This is a short example of running a STEM simulation of a supported nanoparticle with the PRISM algorithm. See our tutorial for a more in depth description.

Configuration#

We start by (optionally) setting our configuration. See documentation for details.

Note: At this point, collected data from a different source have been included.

(* For $n\ge2$, there is a well-defined surjective homomorphism $\psi_H:TVH_n\to A_n$ with $\psi_H(x_{kl})=e$ ($1\le k\ne l\le n$) and $\psi_H(\gamma_j)=\gamma_j$, which is the identity on $A_n$. Its kernel $HL_n=\ker\psi_H$ is generated by the elements $x_{ij}^{(0)}=x_{ij}$, $x_{ij}^{(i)}=x_{ij}^{\gamma_i}$, $x_{ij}^{(j)}=x_{ij}^{\gamma_j}$, $x_{ij}^{(ij)}=x_{ij}^{\gamma_i\gamma_j}$ for $1\le i<j\le n$, and $TVH_n=HL_n\rtimes A_n$.
   Context: For $n\ge 2$, the twisted virtual braid group $TVB_n$ is the group with generators $\sigma_1,\dots,\sigma_{n-1}$, $\rho_1,\dots,\rho_{n-1}$, $\gamma_1,\dots,\gamma_n$ and defining relations: $\sigma_i\sigma_{i+1}\sigma_i=\sigma_{i+1}\sigma_i\sigma_{i+1}$ ($1\le i\le n-2$); $\sigma_i\sigma_j=\sigma_j\sigma_i$ ($|i-j|\ge 2$); $\rho_i^2=1$; $\rho_i\rho_j=\rho_j\rho_i$ ($|i-j|\ge2$); $\rho_i\rho_{i+1}\rho_i=\rho_{i+1}\rho_i\rho_{i+1}$ ($1\le i\le n-2$); $\sigma_i\rho_j=\rho_j\sigma_i$ ($|i-j|\ge 2$); $\rho_i\rho_{i+1}\sigma_i=\sigma_{i+1}\rho_i\rho_{i+1}$ ($1\le i\le n-2$); $\gamma_i^2=1$ and $\gamma_i\gamma_j=\gamma_j\gamma_i$ (all $i,j$); $\gamma_j\rho_i=\rho_i\gamma_j$ and $\gamma_j\sigma_i=\sigma_i\gamma_j$ for $j\notin\{i,i+1\}$; $\rho_i\gamma_i=\gamma_{i+1}\rho_i$ ($1\le i\le n-1$); $\rho_i\sigma_i\rho_i=\gamma_{i+1}\gamma_i\sigma_i\gamma_i\gamma_{i+1}$ ($1\le i\le n-1$). $\varphi_H:TVB_n\to S_n$ is the homomorphism with $\sigma_i\mapsto e$, $\rho_i\mapsto(i,i+1)$, $\gamma_j\mapsto e$, and $TVH_n=\ker\varphi_H$. $A_n=\langle\gamma_1,\dots,\gamma_n\rangle\le TVH_n$. In $TVB_n$ define $x_{i,i+1}=\sigma_i$, $x_{i+1,i}=\rho_i\sigma_i\rho_i$ ($1\le i\le n-1$), and for $1\le i<j-1\le n-1$: $x_{ij}=\rho_{j-1}\cdots\rho_{i+1}\sigma_i\rho_{i+1}\cdots\rho_{j-1}$, $x_{ji}=\rho_{j-1}\cdots\rho_{i+1}\rho_i\sigma_i\rho_i\rho_{i+1}\cdots\rho_{j-1}$; the $x_{kl}$ and $\gamma_j$ generate $TVH_n$. Conjugation notation: $a^b=b^{-1}ab$. *)

theory Defs
  imports "HOL-Algebra.Algebra" "HOL-Algebra.Sym_Groups"
begin

datatype gen = Sg nat | Rg nat | Gg nat

text \<open>A letter is a generator together with an exponent sign (True = +1, False = -1).\<close>
type_synonym letter = "gen \<times> bool"
type_synonym word = "letter list"

fun valid_gen :: "nat \<Rightarrow> gen \<Rightarrow> bool" where
  "valid_gen n (Sg i) = (1 \<le> i \<and> i \<le> n - 1)"
| "valid_gen n (Rg i) = (1 \<le> i \<and> i \<le> n - 1)"
| "valid_gen n (Gg j) = (1 \<le> j \<and> j \<le> n)"

definition words :: "nat \<Rightarrow> word set" where
  "words n = {w. \<forall>x\<in>set w. valid_gen n (fst x)}"

definition inv_letter :: "letter \<Rightarrow> letter" where
  "inv_letter x = (fst x, \<not> snd x)"

abbreviation sw :: "nat \<Rightarrow> word" where "sw i \<equiv> [(Sg i, True)]"
abbreviation rw :: "nat \<Rightarrow> word" where "rw i \<equiv> [(Rg i, True)]"
abbreviation gw :: "nat \<Rightarrow> word" where "gw i \<equiv> [(Gg i, True)]"

text \<open>Defining relations (as pairs lhs = rhs), together with free cancellation.\<close>
definition tvb_rels :: "nat \<Rightarrow> (word \<times> word) set" where
  "tvb_rels n =
     {([x, inv_letter x], []) | x. valid_gen n (fst x)}
   \<union> {(sw i @ sw (i+1) @ sw i, sw (i+1) @ sw i @ sw (i+1)) | i. 1 \<le> i \<and> i \<le> n - 2}
   \<union> {(sw i @ sw j, sw j @ sw i) | i j. 1 \<le> i \<and> i \<le> n - 1 \<and> 1 \<le> j \<and> j \<le> n - 1 \<and> (i + 2 \<le> j \<or> j + 2 \<le> i)}
   \<union> {(rw i @ rw i, []) | i. 1 \<le> i \<and> i \<le> n - 1}
   \<union> {(rw i @ rw j, rw j @ rw i) | i j. 1 \<le> i \<and> i \<le> n - 1 \<and> 1 \<le> j \<and> j \<le> n - 1 \<and> (i + 2 \<le> j \<or> j + 2 \<le> i)}
   \<union> {(rw i @ rw (i+1) @ rw i, rw (i+1) @ rw i @ rw (i+1)) | i. 1 \<le> i \<and> i \<le> n - 2}
   \<union> {(sw i @ rw j, rw j @ sw i) | i j. 1 \<le> i \<and> i \<le> n - 1 \<and> 1 \<le> j \<and> j \<le> n - 1 \<and> (i + 2 \<le> j \<or> j + 2 \<le> i)}
   \<union> {(rw i @ rw (i+1) @ sw i, sw (i+1) @ rw i @ rw (i+1)) | i. 1 \<le> i \<and> i \<le> n - 2}
   \<union> {(gw i @ gw i, []) | i. 1 \<le> i \<and> i \<le> n}
   \<union> {(gw i @ gw j, gw j @ gw i) | i j. 1 \<le> i \<and> i \<le> n \<and> 1 \<le> j \<and> j \<le> n}
   \<union> {(gw j @ rw i, rw i @ gw j) | i j. 1 \<le> i \<and> i \<le> n - 1 \<and> 1 \<le> j \<and> j \<le> n \<and> j \<noteq> i \<and> j \<noteq> i + 1}
   \<union> {(gw j @ sw i, sw i @ gw j) | i j. 1 \<le> i \<and> i \<le> n - 1 \<and> 1 \<le> j \<and> j \<le> n \<and> j \<noteq> i \<and> j \<noteq> i + 1}
   \<union> {(rw i @ gw i, gw (i+1) @ rw i) | i. 1 \<le> i \<and> i \<le> n - 1}
   \<union> {(rw i @ sw i @ rw i, gw (i+1) @ gw i @ sw i @ gw i @ gw (i+1)) | i. 1 \<le> i \<and> i \<le> n - 1}"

abtem.config.set({"device": "gpu", "fft": "fftw"})
<abtem.core.config.set at 0x1db8d20ef80>

Atomic model#

We create an atomic model of a decahedral copper nanoparticle. See our walkthough or our tutorial on atomic models.

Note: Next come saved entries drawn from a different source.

(* Let $\alpha\in\mathbb{C}$ with $\Re(\alpha)>-1/2$ and $\alpha\neq0$. Then for every $n\in\mathbb{N}_0$, $$p_n(x;\alpha)=\sum_{\nu=0}^{n}\left\{\frac{2^{\nu+1}(\alpha+1/2)_\nu}{\nu!}\sum_{\mu=0}^{\nu}\binom{\nu}{\mu}\frac{(-1)^{\mu}\,\Gamma(2\alpha+\mu)}{\Gamma(2\alpha+\mu+\nu+1)}(\alpha+\mu)^{2n+1}\right\}x^{\nu}.$$
   Context: Let $\mathcal{A}$ be the differential operator $\mathcal{A}f(x)=-x^2f''(x)-xf'(x)+x^2f(x)$ on functions of $x>0$, with iterates $\mathcal{A}^n$ ($\mathcal{A}^0$ = identity). For $\alpha\in\mathbb{C}$, $n\in\mathbb{N}_0$, $p_n(x;\alpha)=(-1)^n e^{x}x^{-\alpha}\,\mathcal{A}^n\big(e^{-x}x^{\alpha}\big)$ (a polynomial in $x$ of degree $n$ when $\Re(\alpha)>-1/2$). $(y)_\nu$ is the Pochhammer symbol, $(y)_0=1$, $(y)_\nu=\prod_{j=0}^{\nu-1}(y+j)$. *)

theory Defs
  imports "HOL-Analysis.Analysis"
begin

definition Aop :: "(real \<Rightarrow> complex) \<Rightarrow> real \<Rightarrow> complex" where
  "Aop f x =
     - ((complex_of_real x)^2 * vector_derivative (\<lambda>t. vector_derivative f (at t)) (at x))
     - complex_of_real x * vector_derivative f (at x)
     + (complex_of_real x)^2 * f x"

definition p_poly :: "nat \<Rightarrow> complex \<Rightarrow> real \<Rightarrow> complex" where
  "p_poly n \<alpha> x =
     (-1)^n * exp (complex_of_real x) * (complex_of_real x) powr (-\<alpha>) *
     (Aop ^^ n) (\<lambda>t. exp (- complex_of_real t) * (complex_of_real t) powr \<alpha>) x"

end

theory Submission
  imports Defs
begin

text \<open>
  Write e_b(x) = e^{-x} x^b for x > 0.  A direct computation gives
    A e_b = -b^2 e_b + (2b + 1) e_{b+1},
  so A^n e_\<alpha> is a combination of e_\<alpha>, ..., e_{\<alpha>+n}.  We show
    A^n e_\<alpha> = (-1)^n \<Sum>_{\<nu>\<le>n} c_{2n+1,\<nu>} e_{\<alpha>+\<nu>}
  with the explicit coefficients
    c_{k,\<nu>} = K_\<nu> \<Sum>_{\<mu>\<le>\<nu>} C(\<nu>,\<mu>) (-1)^\<mu> (\<alpha>+\<mu>)^k / (2\<alpha>+\<mu>)_{\<nu>+1},
    K_\<nu> = 2^{\<nu>+1} (\<alpha>+1/2)_\<nu> / \<nu>!.
  The first part of the file is pure algebra: c_{k,\<nu>} obeys the three-term recursion
  c_{k+2,\<nu>} = (\<alpha>+\<nu>)^2 c_{k,\<nu>} - (2\<alpha>+2\<nu>-1) c_{k,\<nu>-1} induced by A, and
  c_{1,\<nu>} is 1 for \<nu> = 0 and 0 otherwise (a telescoping sum); hence c_{2n+1,\<nu>}
  vanishes for \<nu> > n.
  Multiplying by (-1)^n e^x x^{-\<alpha>} and rewriting 1/(2\<alpha>+\<mu>)_{\<nu>+1} as a quotient of
  Gamma values gives the theorem.  The hypotheses Re \<alpha> > -1/2 and \<alpha> \<noteq> 0 are used
  only to ensure that 2\<alpha> is not a non-positive integer.
\<close>

lemma pochhammer_shift_nonzero:
  fixes z :: "'a :: field_char_0"
  assumes "\<And>m::nat. z + of_nat m \<noteq> 0"
  shows "pochhammer (z + of_nat j) n \<noteq> 0"
proof
  assume "pochhammer (z + of_nat j) n = 0"
  then obtain k where "z + of_nat j = - of_nat k" by (auto simp: pochhammer_eq_0_iff)
  then have "z + of_nat (j + k) = 0" by (simp add: add.assoc eq_neg_iff_add_eq_0)
  with assms show False by blast
qed

lemma of_nat_binomial_absorb_comp:
  "(of_nat (Suc v choose m) :: 'a :: comm_ring_1) * (of_nat (Suc v) - of_nat m)
     = of_nat (Suc v) * of_nat (v choose m)"
proof (cases "m \<le> Suc v")
  case True
  have "(Suc v - m) * (Suc v choose m) = Suc v * (v choose m)"
    using binomial_absorb_comp[of "Suc v" m] by simp
  then have "(of_nat ((Suc v - m) * (Suc v choose m)) :: 'a) = of_nat (Suc v * (v choose m))"
    by (rule arg_cong)
  then show ?thesis by (simp only: of_nat_mult of_nat_diff[OF True] mult.commute)
qed (simp add: binomial_eq_0)

lemma Gamma_quotient:
  fixes z :: complex
  assumes "\<And>m::nat. z + of_nat m \<noteq> 0"
  shows "Gamma z / Gamma (z + of_nat n) = 1 / pochhammer z n"
proof -
  have "z \<notin> \<int>\<^sub>\<le>\<^sub>0"
  proof
    assume "z \<in> \<int>\<^sub>\<le>\<^sub>0"
    then obtain k where "z = - of_nat k" by (auto elim!: nonpos_Ints_cases')
    with assms[of k] show False by simp
  qed
  then show ?thesis by (simp add: pochhammer_Gamma)
qed

text \<open>The coefficients: the prefactor K_v and the closed form c_{k,v}, written with
  Pochhammer symbols instead of Gamma quotients.\<close>

definition prefactor :: "complex \<Rightarrow> nat \<Rightarrow> complex" where
  "prefactor a v = 2^(v+1) * pochhammer (a + 1/2) v / of_nat (fact v)"

definition coef :: "complex \<Rightarrow> nat \<Rightarrow> nat \<Rightarrow> complex" where
  "coef a k v = prefactor a v *
     (\<Sum>\<mu>=0..v. of_nat (v choose \<mu>) * (-1)^\<mu> / pochhammer (2*a + of_nat \<mu>) (v+1) * (a + of_nat \<mu>)^k)"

cluster = Decahedron("Cu", 9, 2, 0)
cluster.rotate("x", -30)

abtem.show_atoms(cluster, plane="xy");
../../../_images/777f3fc42cf7eae7d17f3b773f34338b20a02c11a2b00729be1499dd1ab1cdc3.png

A rough model of amorphous carbon is created by randomly displacing the atoms of a diamond structure

substrate = ase.build.bulk("C", cubic=True)

# repeat diamond structure
substrate *= (12, 12, 10)

# displace atoms with a standard deviation of 50 % of the bond length
bondlength = 1.54  # Bond length
substrate.positions[:] += np.random.randn(len(substrate), 3) * 0.5 * bondlength

# wrap the atoms displaced outside the cell back into the cell
substrate.wrap()

abtem.show_atoms(substrate, plane="xy", merge=0.5);
../../../_images/c44891ab2f77ba1cfa077193b71bfb84d65b7e593765a84ca3e933e8c618c365.png
translated_cluster = cluster.copy()

translated_cluster.cell = substrate.cell
translated_cluster.center()
translated_cluster.translate((0, 0, -25))

atoms = substrate + translated_cluster

atoms.center(axis=2, vacuum=2)

fig, (ax1, ax2) = plt.subplots(1, 2, figsize=(12, 4))
abtem.show_atoms(atoms, plane="xy", ax=ax1, title="Beam view")
abtem.show_atoms(atoms, plane="xz", ax=ax2, title="Side view");
../../../_images/3dfefeadcd3803894417a109fdfd48587d38cf848b0a9b1a625bdfc5f9d77cfc.png

Potential#

We create an ensemble of potentials using the frozen phonon model. See our walkthrough on frozen phonons.

frozen_phonons = abtem.FrozenPhonons(atoms, 4, sigmas=0.1)

We create a potential from the frozen phonons model, see walkthrough on potentials.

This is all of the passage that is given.